## Directions for this task:
Your task is to copy the lines of the data below from the line holding "unfolding basis_eq_lists by" through the line holding "(prod_list (map f", inclusive, exactly and with nothing added.

───── Listed entries ─────

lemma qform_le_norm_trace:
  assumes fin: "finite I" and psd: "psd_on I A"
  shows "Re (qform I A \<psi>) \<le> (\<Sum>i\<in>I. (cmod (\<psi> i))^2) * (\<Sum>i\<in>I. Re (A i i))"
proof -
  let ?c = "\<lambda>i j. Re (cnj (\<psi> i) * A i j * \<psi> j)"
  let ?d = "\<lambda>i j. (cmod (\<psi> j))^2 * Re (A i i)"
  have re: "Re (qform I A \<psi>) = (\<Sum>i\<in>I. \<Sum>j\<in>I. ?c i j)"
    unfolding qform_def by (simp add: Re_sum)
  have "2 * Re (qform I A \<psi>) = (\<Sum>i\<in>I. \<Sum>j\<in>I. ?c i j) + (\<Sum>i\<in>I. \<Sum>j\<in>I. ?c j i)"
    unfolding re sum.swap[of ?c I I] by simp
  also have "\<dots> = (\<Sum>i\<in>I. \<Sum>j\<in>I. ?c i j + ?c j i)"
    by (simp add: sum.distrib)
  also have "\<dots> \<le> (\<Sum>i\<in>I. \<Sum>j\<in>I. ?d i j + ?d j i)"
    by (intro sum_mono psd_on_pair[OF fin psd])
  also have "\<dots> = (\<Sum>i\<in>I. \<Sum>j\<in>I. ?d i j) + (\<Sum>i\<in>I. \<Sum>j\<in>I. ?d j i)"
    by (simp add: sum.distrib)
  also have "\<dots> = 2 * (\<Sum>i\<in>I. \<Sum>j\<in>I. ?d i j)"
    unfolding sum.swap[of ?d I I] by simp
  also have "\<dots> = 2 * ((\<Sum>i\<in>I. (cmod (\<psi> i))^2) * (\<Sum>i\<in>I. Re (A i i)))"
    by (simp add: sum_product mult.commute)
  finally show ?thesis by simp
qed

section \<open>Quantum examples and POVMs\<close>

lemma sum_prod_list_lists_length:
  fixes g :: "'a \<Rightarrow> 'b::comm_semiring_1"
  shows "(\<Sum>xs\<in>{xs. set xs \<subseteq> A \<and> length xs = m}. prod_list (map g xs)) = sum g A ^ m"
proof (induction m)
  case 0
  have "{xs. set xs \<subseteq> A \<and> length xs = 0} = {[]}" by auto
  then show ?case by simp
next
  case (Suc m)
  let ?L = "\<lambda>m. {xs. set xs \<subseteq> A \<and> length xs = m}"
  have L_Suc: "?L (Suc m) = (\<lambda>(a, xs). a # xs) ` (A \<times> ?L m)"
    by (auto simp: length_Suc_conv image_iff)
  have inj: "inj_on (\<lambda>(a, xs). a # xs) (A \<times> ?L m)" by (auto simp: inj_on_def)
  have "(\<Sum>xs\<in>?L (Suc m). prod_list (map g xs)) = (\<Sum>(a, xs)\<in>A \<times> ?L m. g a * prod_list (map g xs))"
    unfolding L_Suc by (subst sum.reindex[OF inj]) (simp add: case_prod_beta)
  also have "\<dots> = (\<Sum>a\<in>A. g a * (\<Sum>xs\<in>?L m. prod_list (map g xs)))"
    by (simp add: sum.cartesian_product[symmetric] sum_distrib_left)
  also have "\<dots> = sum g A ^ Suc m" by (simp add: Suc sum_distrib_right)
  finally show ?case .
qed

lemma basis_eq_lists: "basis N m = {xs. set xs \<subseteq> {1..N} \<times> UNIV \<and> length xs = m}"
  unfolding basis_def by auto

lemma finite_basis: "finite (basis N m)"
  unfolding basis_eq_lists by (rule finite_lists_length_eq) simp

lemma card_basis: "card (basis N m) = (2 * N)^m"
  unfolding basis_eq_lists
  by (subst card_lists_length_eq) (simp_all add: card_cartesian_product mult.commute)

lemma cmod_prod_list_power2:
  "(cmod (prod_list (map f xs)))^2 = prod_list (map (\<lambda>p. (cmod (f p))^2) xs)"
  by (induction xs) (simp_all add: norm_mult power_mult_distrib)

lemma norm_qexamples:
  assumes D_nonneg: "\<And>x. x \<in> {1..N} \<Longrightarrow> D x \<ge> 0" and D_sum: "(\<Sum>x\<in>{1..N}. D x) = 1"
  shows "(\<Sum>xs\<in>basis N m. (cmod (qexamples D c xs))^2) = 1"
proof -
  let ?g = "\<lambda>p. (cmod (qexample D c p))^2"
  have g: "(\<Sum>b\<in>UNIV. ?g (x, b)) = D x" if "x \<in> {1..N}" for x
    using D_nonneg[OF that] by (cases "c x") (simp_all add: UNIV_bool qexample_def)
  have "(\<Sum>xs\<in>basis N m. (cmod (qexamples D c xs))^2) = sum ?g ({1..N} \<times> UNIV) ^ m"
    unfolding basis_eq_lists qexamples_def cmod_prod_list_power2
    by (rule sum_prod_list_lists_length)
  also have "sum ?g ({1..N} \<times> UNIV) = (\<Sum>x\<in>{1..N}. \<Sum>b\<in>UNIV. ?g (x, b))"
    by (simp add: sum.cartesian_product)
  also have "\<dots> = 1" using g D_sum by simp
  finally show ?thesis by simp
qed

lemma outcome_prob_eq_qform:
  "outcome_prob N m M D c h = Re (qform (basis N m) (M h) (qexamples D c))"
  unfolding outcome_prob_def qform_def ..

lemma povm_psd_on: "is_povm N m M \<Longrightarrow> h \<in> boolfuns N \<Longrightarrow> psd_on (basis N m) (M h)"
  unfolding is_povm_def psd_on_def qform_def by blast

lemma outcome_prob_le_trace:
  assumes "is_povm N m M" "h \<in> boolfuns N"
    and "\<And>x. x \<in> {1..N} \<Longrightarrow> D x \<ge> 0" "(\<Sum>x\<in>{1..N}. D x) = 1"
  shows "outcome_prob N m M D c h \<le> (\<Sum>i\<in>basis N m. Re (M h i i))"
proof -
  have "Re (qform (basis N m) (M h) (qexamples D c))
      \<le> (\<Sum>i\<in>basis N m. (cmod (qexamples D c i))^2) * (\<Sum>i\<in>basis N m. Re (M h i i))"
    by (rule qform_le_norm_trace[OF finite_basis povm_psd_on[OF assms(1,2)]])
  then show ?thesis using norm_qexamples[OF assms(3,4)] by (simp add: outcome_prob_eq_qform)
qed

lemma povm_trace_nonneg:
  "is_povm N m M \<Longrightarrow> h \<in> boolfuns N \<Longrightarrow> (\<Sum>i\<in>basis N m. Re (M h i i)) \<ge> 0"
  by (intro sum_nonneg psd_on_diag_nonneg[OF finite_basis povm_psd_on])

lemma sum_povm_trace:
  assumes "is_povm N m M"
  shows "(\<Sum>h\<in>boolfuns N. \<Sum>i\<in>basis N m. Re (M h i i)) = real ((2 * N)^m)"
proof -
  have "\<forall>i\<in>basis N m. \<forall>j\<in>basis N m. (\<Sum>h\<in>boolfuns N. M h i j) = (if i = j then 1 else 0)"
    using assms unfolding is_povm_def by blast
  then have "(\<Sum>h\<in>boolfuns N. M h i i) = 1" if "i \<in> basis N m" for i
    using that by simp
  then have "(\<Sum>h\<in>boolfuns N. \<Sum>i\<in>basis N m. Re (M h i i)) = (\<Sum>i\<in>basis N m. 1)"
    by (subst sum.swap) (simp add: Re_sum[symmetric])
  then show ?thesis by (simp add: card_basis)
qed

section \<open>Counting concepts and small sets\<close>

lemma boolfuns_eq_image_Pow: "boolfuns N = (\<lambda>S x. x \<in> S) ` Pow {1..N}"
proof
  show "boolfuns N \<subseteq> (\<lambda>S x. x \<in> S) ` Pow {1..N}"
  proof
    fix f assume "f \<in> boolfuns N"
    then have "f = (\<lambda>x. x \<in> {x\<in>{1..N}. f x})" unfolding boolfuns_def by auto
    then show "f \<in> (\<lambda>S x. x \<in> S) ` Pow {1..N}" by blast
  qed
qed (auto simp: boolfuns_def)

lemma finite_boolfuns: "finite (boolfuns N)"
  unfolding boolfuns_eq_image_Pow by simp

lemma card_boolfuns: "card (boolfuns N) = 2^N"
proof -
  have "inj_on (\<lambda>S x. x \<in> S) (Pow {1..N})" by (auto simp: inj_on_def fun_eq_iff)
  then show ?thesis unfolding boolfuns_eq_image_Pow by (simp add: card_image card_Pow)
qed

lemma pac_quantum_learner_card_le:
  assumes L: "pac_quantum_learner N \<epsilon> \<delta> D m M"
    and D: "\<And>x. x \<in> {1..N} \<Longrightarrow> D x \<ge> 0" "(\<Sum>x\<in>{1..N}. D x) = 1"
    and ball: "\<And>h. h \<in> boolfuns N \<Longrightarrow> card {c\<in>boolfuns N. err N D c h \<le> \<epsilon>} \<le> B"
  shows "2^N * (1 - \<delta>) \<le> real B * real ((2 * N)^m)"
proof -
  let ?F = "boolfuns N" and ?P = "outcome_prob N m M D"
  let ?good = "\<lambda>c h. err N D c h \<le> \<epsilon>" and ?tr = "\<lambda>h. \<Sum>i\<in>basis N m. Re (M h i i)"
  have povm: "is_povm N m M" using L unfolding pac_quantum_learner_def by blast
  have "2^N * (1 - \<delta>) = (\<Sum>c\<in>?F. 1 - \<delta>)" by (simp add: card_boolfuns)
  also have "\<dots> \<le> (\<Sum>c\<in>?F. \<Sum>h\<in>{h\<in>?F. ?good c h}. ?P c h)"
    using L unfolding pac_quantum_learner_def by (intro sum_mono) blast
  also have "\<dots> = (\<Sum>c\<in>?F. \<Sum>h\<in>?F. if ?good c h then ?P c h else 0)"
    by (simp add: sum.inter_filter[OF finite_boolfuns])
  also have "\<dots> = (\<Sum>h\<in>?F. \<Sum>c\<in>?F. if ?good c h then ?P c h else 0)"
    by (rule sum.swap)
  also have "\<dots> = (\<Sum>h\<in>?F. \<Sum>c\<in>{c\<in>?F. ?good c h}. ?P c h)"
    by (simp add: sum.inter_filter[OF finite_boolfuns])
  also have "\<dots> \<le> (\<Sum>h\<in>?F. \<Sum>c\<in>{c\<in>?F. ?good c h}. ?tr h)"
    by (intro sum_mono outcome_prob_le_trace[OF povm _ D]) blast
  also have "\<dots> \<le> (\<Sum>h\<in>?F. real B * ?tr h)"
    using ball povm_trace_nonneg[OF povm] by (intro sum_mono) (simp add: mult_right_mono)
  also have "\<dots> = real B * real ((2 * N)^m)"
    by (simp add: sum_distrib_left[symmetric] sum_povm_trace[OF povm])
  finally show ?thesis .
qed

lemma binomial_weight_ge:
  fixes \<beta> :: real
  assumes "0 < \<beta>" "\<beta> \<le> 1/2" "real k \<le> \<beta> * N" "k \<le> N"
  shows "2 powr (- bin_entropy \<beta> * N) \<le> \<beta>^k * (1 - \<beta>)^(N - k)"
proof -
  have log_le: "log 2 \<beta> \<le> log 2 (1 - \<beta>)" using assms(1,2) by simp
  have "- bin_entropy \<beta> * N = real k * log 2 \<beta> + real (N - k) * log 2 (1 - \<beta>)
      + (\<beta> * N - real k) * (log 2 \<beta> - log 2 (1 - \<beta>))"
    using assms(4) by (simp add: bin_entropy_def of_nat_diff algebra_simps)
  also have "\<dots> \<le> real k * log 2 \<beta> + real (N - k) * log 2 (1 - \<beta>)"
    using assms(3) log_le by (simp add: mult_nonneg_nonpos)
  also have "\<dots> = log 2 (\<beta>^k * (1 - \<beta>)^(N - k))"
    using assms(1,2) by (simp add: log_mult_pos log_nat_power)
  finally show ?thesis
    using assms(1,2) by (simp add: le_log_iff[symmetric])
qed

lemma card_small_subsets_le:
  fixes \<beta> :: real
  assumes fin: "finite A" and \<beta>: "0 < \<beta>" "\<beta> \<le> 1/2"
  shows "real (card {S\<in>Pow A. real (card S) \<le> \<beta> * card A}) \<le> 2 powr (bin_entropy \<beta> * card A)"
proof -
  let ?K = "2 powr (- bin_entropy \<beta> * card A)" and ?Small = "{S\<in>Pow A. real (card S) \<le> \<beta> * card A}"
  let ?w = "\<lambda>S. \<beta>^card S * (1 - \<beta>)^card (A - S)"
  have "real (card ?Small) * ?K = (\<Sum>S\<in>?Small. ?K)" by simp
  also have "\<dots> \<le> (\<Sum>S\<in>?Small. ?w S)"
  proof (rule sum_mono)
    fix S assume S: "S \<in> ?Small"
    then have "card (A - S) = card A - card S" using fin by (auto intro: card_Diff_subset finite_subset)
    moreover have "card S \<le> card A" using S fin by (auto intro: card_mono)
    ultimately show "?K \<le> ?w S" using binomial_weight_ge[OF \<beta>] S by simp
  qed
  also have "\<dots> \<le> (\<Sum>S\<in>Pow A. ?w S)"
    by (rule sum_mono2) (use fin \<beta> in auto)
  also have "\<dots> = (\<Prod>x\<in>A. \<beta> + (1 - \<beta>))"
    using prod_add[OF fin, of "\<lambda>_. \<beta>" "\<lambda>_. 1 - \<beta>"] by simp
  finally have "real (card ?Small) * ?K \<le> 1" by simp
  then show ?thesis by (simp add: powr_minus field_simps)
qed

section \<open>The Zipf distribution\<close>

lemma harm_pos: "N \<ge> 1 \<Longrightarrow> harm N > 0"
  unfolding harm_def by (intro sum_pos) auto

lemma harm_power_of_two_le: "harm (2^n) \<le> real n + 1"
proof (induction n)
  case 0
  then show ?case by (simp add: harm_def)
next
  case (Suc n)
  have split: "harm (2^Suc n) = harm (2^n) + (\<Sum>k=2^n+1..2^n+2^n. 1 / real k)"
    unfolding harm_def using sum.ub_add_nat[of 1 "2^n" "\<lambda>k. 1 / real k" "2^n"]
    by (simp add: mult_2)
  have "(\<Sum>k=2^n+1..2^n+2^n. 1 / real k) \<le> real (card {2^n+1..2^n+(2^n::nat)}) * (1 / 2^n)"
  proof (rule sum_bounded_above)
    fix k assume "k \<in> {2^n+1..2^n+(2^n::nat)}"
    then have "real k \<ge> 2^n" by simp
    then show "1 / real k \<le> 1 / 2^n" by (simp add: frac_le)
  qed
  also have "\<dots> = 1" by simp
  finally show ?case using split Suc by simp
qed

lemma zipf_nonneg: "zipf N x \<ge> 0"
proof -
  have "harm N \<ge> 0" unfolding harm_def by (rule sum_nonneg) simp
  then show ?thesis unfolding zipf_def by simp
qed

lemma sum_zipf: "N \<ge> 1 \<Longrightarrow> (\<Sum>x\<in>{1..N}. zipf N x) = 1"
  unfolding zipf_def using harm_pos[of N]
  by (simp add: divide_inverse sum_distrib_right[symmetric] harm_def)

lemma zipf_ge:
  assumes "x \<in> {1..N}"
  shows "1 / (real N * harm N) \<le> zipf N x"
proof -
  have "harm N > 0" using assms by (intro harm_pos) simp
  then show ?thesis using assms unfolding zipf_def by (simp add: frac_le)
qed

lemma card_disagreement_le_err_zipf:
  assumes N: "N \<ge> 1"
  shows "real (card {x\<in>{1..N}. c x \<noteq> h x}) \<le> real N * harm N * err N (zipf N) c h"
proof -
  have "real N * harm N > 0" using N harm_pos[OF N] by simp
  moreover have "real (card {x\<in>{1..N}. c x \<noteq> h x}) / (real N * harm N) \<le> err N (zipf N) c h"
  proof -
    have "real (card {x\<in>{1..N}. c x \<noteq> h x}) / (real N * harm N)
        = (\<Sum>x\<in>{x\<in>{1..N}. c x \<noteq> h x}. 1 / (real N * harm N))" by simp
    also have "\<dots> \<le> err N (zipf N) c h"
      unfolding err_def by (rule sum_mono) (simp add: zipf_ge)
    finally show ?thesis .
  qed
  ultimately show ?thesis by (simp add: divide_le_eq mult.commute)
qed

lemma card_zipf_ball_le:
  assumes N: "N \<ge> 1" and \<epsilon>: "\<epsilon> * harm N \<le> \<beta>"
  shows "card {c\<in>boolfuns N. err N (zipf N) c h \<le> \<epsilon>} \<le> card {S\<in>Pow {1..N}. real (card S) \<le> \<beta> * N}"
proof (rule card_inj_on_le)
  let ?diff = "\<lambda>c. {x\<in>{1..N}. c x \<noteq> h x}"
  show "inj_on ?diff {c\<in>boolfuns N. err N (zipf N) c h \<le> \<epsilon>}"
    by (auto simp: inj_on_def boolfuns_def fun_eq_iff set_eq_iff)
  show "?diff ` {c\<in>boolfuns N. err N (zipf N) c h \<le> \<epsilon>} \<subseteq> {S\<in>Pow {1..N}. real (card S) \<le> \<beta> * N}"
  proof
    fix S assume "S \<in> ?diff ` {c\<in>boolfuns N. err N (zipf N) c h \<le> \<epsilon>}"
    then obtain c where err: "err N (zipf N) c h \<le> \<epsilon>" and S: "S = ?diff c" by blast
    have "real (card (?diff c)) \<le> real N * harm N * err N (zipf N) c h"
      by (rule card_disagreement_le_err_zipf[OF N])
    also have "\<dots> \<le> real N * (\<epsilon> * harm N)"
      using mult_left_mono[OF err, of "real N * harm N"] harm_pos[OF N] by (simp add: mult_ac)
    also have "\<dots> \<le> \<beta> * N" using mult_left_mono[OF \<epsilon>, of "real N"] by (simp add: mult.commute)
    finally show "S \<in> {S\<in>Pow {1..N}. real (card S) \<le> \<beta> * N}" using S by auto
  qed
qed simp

─────
───── Listed entries ─────

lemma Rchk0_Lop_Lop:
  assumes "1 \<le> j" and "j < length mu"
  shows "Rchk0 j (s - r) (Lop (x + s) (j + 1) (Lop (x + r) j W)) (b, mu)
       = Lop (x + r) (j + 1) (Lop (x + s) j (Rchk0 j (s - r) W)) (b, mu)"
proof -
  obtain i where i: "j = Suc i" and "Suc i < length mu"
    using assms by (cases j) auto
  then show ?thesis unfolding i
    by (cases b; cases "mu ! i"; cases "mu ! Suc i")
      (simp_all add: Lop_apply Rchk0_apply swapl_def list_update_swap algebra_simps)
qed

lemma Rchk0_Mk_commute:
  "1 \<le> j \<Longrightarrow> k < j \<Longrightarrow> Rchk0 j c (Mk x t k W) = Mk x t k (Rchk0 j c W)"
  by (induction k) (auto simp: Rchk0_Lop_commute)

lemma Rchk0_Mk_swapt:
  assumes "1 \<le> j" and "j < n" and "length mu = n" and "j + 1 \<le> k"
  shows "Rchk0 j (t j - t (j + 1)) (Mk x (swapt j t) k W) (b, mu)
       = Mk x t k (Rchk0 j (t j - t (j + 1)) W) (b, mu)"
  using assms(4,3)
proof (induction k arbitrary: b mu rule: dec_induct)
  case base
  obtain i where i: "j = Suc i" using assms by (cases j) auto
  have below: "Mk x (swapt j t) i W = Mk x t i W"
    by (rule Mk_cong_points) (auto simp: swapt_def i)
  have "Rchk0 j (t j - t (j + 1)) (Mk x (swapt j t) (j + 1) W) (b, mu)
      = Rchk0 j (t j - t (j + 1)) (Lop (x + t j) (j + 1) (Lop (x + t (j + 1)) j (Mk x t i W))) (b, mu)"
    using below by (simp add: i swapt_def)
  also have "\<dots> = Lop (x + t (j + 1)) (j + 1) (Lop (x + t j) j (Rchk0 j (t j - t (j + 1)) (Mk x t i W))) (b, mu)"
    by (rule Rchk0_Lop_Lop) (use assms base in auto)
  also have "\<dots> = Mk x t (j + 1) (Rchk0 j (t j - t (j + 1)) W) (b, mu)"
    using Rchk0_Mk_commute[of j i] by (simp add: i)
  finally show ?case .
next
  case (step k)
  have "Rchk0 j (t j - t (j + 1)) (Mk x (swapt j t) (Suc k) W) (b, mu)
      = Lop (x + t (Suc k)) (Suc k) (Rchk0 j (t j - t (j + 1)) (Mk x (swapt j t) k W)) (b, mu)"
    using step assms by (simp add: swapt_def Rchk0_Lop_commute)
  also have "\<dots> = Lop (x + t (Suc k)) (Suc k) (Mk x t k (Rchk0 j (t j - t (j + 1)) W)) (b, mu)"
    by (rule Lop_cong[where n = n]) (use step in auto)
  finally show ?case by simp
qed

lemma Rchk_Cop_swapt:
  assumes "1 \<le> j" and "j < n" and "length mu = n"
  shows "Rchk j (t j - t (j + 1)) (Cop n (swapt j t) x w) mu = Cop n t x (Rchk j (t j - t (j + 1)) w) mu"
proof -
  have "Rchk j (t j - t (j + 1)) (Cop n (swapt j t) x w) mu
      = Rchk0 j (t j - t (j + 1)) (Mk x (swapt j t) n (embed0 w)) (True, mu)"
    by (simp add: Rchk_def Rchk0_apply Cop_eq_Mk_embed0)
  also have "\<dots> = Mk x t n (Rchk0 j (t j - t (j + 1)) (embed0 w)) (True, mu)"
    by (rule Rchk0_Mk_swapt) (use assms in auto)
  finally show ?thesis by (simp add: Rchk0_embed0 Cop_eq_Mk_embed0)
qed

─────

## Output for this exercise:
  unfolding basis_eq_lists by (rule finite_lists_length_eq) simp

lemma card_basis: "card (basis N m) = (2 * N)^m"
  unfolding basis_eq_lists
  by (subst card_lists_length_eq) (simp_all add: card_cartesian_product mult.commute)

lemma cmod_prod_list_power2:
  "(cmod (prod_list (map f xs)))^2 = prod_list (map (\<lambda>p. (cmod (f p))^2) xs)"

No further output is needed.